Florida Gators vs. Georgia Bulldogs game preview
For just the fifth time in the long-time series, both teams will be coming out of a bye week when Florida and Georgia meet at 3:30 p.m. ET Saturday at EverBank Field in Jacksonville, Fla.
The 14th-ranked Gators (5-1, 3-1 SEC) spent the time to prepare for a stretch run they hope ends in an East Division title and berth in the SEC Championship Game. The Gators gained 530 yards of offense in their last outing, a 40-14 win over Missouri, but also turned the ball over four times.
"We’re nowhere where we need to be, and yet, we’re getting guys to realize how good they can be," Florida coach Jim McElwain said. "You can really be good if you allow yourself to be good."
Georgia coach Kirby Smart is taking a wait-and-see attitude before giving his assessment of what progress his Bulldogs (4-3, 2-3 SEC) might have made during the break.
"I’ll answer that question Saturday, because I certainly think we worked towards it," Smart said. "I thought that we got to attack some areas that we needed, and I really thought the kids had good energy and attitude to go out and practice the way they did, physical, hitting each other, with toughness."
There will be plenty of storylines entering the game, including the relationship between the two coaches. McElwain and Smart worked together at Alabama under Nick Saban from 2008 to 2011. McElwain served as offensive coordinator while Smart worked the other side of the ball as defensive coordinator.
"His ability to see the game and put a plan together is really, really good," McElwain said.
McElwain is concerned about Georgia’s offensive potential, led by junior running back Nick Chubb and freshman phenom quarterback Jacob Eason. Chubb was held to 40 yards on 16 carries in the 17-16 loss to Vanderbilt in Georgia’s last game, but despite that and despite missing most of one game to injury, the junior still has rushed for 586 yards.
Eason took over as starter in the second game of the season and drove the Bulldogs to the late decisive touchdown the next week in a one-point win at Missouri.
He completed 27 of 40 passes with a touchdown against Vanderbilt and on the season has completed 54.3 percent of his passes with nine touchdowns and five interceptions. A five-star recruit out of Lake Stevens, Wash., Eason was recruited by both Florida and Georgia.

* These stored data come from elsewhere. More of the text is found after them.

lemma star_algorithm_init:
  "init star_algorithm d col = node_state 0 col 0 False False False 0"
  by (simp add: star_algorithm_def)

lemma star_algorithm_send:
  "send star_algorithm (node_state 0 col f x y z w) j = of_bool col"
  "send star_algorithm (node_state 1 col f x y z w) j = (if \<not> col \<and> j = f then 1 else 0)"
  "send star_algorithm (node_state 2 col f x y z w) j = (if (col \<and> \<not> x) \<and> j = f then 1 else 0)"
  "send star_algorithm (node_state 3 col f x y z w) j =
     (if \<not> col \<and> j = f then (if y then 2 else 1) else 0)"
  by (simp_all add: star_algorithm_def node_state_def)

lemma star_algorithm_step:
  "step star_algorithm (node_state 0 col f x y z w) m =
     node_state 1 col (LEAST i. m i = Some (1 - of_bool col)) False False False 0"
  "step star_algorithm (node_state 1 col f x y z w) m =
     node_state 2 col f (\<exists>i. m i = Some 1) False False 0"
  "step star_algorithm (node_state 2 col f x y z w) m =
     node_state 3 col f x (\<exists>i. m i = Some 1) False 0"
  "step star_algorithm (node_state 3 col f x y z w) m =
     node_state 4 col f x y (\<exists>i. m i = Some 1) (LEAST i. m i = Some 2)"
  by (simp_all add: star_algorithm_def node_state_def)

lemma star_algorithm_out:
  "out star_algorithm (node_state 4 col f x y z w) =
     (if \<not> col then (if y then Root else Leaf f)
      else if \<not> x then Leaf f else if z then Root else Leaf w)"
  by (simp add: star_algorithm_def node_state_def)

text \<open>Reading the inbox of a round in which nonzero messages travel along partner ports.\<close>
lemma partner_message_eq_Some:
  "k \<noteq> 0 \<Longrightarrow> ((if Q then Some (if R then x else 0) else None) = Some k) \<longleftrightarrow> Q \<and> R \<and> x = k"
  by auto

lemma (in port_graph) run_Suc_from:
  assumes "\<And>u. u \<in> V \<Longrightarrow> run A E p c t u = S u" and v: "v \<in> V"
  shows "run A E p c (Suc t) v =
    step A (S v) (\<lambda>i. if i \<in> port_set v
                      then Some (send A (S (p v i)) (inport E p (p v i) v)) else None)"
  using assms port_target(2)[OF v] by (simp cong: if_cong)

context star_construction
begin

lemma message_to_partner:
  assumes v: "v \<in> V" and i: "i \<in> port_set v"
  shows "inport E p (p v i) v = fp (p v i) \<longleftrightarrow> partner (p v i) = v"
  using inport_iff[OF v i] partner_props(1)[OF port_target(2)[OF v i]]
  unfolding partner_def by blast

lemma run_Suc_partner_messages:
  assumes states: "\<And>u. u \<in> V \<Longrightarrow> run A E p c t u = S u"
    and sends: "\<And>u j. u \<in> V \<Longrightarrow> send A (S u) j = (if P u \<and> j = fp u then m u else 0)"
    and v: "v \<in> V"
  shows "run A E p c (Suc t) v =
    step A (S v) (\<lambda>i. if i \<in> port_set v
                      then Some (if P (p v i) \<and> partner (p v i) = v then m (p v i) else 0)
                      else None)"
proof -
  have "\<And>i. i \<in> port_set v \<Longrightarrow> send A (S (p v i)) (inport E p (p v i) v) =
      (if P (p v i) \<and> partner (p v i) = v then m (p v i) else 0)"
    using sends port_target(2)[OF v] message_to_partner[OF v] by simp
  then show ?thesis using run_Suc_from[OF states v] by (simp cong: if_cong)
qed

end

definition least_opposite_port :: "(nat \<Rightarrow> nat \<Rightarrow> bool) \<Rightarrow> (nat \<Rightarrow> nat \<Rightarrow> nat)
    \<Rightarrow> (nat \<Rightarrow> bool) \<Rightarrow> nat \<Rightarrow> nat" where
  "least_opposite_port E p c v = (LEAST i. i \<in> {1..deg E v} \<and> c (p v i) \<noteq> c v)"

locale weakly_coloured_graph = port_graph +
  fixes c :: "nat \<Rightarrow> bool"
  assumes weak: "weak_2_colouring V E c"
begin

lemma least_opposite_port:
  assumes v: "v \<in> V"
  shows "least_opposite_port E p c v \<in> port_set v \<and>
         c (p v (least_opposite_port E p c v)) \<noteq> c v"
proof -
  obtain u where u: "E v u" "c u \<noteq> c v" using weak v unfolding weak_2_colouring_def by blast
  have "\<exists>i\<in>port_set v. p v i = u" using neighbour_iff_port[OF v] u(1) by simp
  then obtain i where "i \<in> port_set v" "p v i = u" by blast
  with u have "i \<in> port_set v \<and> c (p v i) \<noteq> c v" by simp
  then show ?thesis unfolding least_opposite_port_def by (rule LeastI)
qed

sublocale star_construction V E p c "least_opposite_port E p c"
  by unfold_locales (rule least_opposite_port)

abbreviation fp :: "nat \<Rightarrow> nat" where
  "fp \<equiv> least_opposite_port E p c"

abbreviation state :: "nat \<Rightarrow> nat \<Rightarrow> nat" where
  "state t v \<equiv> run star_algorithm E p c t v"

lemma round_1:
  assumes v: "v \<in> V"
  shows "state 1 v = node_state 1 (c v) (fp v) False False False 0"
proof -
  let ?inbox = "\<lambda>i. if i \<in> port_set v then Some (of_bool (c (p v i)) :: nat) else None"
  have "state (Suc 0) v = step star_algorithm (node_state 0 (c v) 0 False False False 0) ?inbox"
    using run_Suc_from[of star_algorithm c 0 "\<lambda>u. node_state 0 (c u) 0 False False False 0", OF _ v]
    by (simp add: star_algorithm_init star_algorithm_send cong: if_cong)
  moreover have "(LEAST i. ?inbox i = Some (1 - of_bool (c v))) = fp v"
    unfolding least_opposite_port_def by (rule arg_cong[where f = Least]) auto
  ultimately show ?thesis by (simp only: star_algorithm_step One_nat_def)
qed

lemma round_2:
  assumes v: "v \<in> V"
  shows "state 2 v = node_state 2 (c v) (fp v) (proposed v) False False 0"
proof -
  let ?inbox = "\<lambda>i. if i \<in> port_set v
      then Some (if \<not> c (p v i) \<and> partner (p v i) = v then 1 else 0 :: nat) else None"
  have "state (Suc 1) v = step star_algorithm (node_state 1 (c v) (fp v) False False False 0) ?inbox"
    by (rule run_Suc_partner_messages[where S = "\<lambda>u. node_state 1 (c u) (fp u) False False False 0"
          and P = "\<lambda>u. \<not> c u" and m = "\<lambda>u. 1"])
      (simp_all only: round_1 star_algorithm_send v)
  moreover have "(\<exists>i. ?inbox i = Some 1) = proposed v"
    unfolding proposed_def by (auto simp: partner_message_eq_Some)
  ultimately have "state (Suc 1) v = node_state 2 (c v) (fp v) (proposed v) False False 0"
    by (simp only: star_algorithm_step)
  then show ?thesis by (simp only: numeral_2_eq_2 One_nat_def)
qed

lemma round_3:
  assumes v: "v \<in> V"
  shows "state 3 v = node_state 3 (c v) (fp v) (proposed v) (claimed v) False 0"
proof -
  let ?inbox = "\<lambda>i. if i \<in> port_set v
      then Some (if (c (p v i) \<and> \<not> proposed (p v i)) \<and> partner (p v i) = v then 1 else 0 :: nat)
      else None"
  have "state (Suc 2) v =
      step star_algorithm (node_state 2 (c v) (fp v) (proposed v) False False 0) ?inbox"
    by (rule run_Suc_partner_messages[where
          S = "\<lambda>u. node_state 2 (c u) (fp u) (proposed u) False False 0"
          and P = "\<lambda>u. c u \<and> \<not> proposed u" and m = "\<lambda>u. 1"])
      (simp_all only: round_2 star_algorithm_send v)
  moreover have "(\<exists>i. ?inbox i = Some 1) = claimed v"
    unfolding claimed_def by (auto simp: partner_message_eq_Some)
  ultimately have "state (Suc 2) v = node_state 3 (c v) (fp v) (proposed v) (claimed v) False 0"
    by (simp only: star_algorithm_step)
  then show ?thesis by (simp del: run.simps)
qed

lemma round_4:
  assumes v: "v \<in> V"
  shows "state 4 v = node_state 4 (c v) (fp v) (proposed v) (claimed v)
                       (has_free_proposer v) (claimed_proposer_port v)"
proof -
  let ?inbox = "\<lambda>i. if i \<in> port_set v
      then Some (if \<not> c (p v i) \<and> partner (p v i) = v
                 then (if claimed (p v i) then 2 else 1) else 0 :: nat)
      else None"
  have "state (Suc 3) v =
      step star_algorithm (node_state 3 (c v) (fp v) (proposed v) (claimed v) False 0) ?inbox"
    by (rule run_Suc_partner_messages[where
          S = "\<lambda>u. node_state 3 (c u) (fp u) (proposed u) (claimed u) False 0"
          and P = "\<lambda>u. \<not> c u" and m = "\<lambda>u. if claimed u then 2 else 1"])
      (simp_all only: round_3 star_algorithm_send v)
  moreover have "(\<exists>i. ?inbox i = Some 1) = has_free_proposer v"
    unfolding has_free_proposer_def by (auto simp: partner_message_eq_Some)
  moreover have "(LEAST i. ?inbox i = Some 2) = claimed_proposer_port v"
    unfolding claimed_proposer_port_def
    by (rule arg_cong[where f = Least]) (auto simp: partner_message_eq_Some)
  ultimately have "state (Suc 3) v = node_state 4 (c v) (fp v) (proposed v) (claimed v)
                       (has_free_proposer v) (claimed_proposer_port v)"
    by (simp only: star_algorithm_step)
  then show ?thesis by (simp del: run.simps)
qed

lemma output_is_star_role:
  assumes "v \<in> V"
  shows "out star_algorithm (state 4 v) = star_role v"
  by (simp only: round_4[OF assms] star_algorithm_out star_role_def)

end

theorem mainTheorem4:
  shows "\<forall>\<Delta>::nat. \<Delta> \<ge> 1 \<longrightarrow>
    (\<exists>(A::pn_alg) (T::nat). \<forall>V E p c.
       finite V \<and> simple_graph V E \<and> port_numbering V E p \<and> no_isolated V E \<and>
       max_deg_le V E \<Delta> \<and> weak_2_colouring V E c \<longrightarrow>
       star_forest_output V E p (\<lambda>v. out A (run A E p c T v)))"
proof (intro allI impI exI[of _ star_algorithm] exI[of _ 4])
  fix \<Delta> :: nat and V E p c
  assume "finite V \<and> simple_graph V E \<and> port_numbering V E p \<and> no_isolated V E \<and>
    max_deg_le V E \<Delta> \<and> weak_2_colouring V E c"
  then interpret weakly_coloured_graph V E p c
    by unfold_locales auto
  show "star_forest_output V E p (\<lambda>v. out star_algorithm (run star_algorithm E p c 4 v))"
    by (rule star_forest_output_local[OF star_role_correct output_is_star_role])
qed

end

"This guy in my opinion is the future of the SEC," McElwain said. "He’s that good. His ability to push the ball downfield is something that’s impressive."
The Bulldogs did get some good news this week on the defensive front as their two leading tacklers, linebackers Natrez Patrick and Roquan Smith, have been cleared of possession of marijuana charges and are eligible to play Saturday.
Florida’s offense has not been particularly overwhelming this season, but the Gators do have quarterback Luke Del Rio back. He missed three weeks to a knee injury and was a bit rusty in his first game back — "I played terrible. I didn’t take care of the ball," he said of his play against Missouri — but has completed 80 of 139 passes for 998 yards and seven touchdowns for the season.
Wide receiver Tyrie Cleveland also is starting to emerge as a threat downfield. The true freshman caught his first career touchdown pass against Missouri and finished with three catches for 79 yards.
"He’s a talented guy," McElwain said.
For the season, Cleveland is averaging 20.7 yards per reception.
With 84 of the meetings between the two teams in Jacksonville, the game has a special air about it, which is not lost on the coaches.
"When you walk in that stadium and see it half and half, half Florida fans, half Georgia fans," McElwain said, "I get goosebumps just thinking about it."
Smart called it the best "neutral site" game in college football.
"I think when you get recruited to go to Georgia and Florida, that’s a game that you always point to you want to play in," Smart said. "I know historically I was that way as a player.
"But I know our players are that way. It’s considered to them one of the biggest games we have each year, especially because of where it’s played."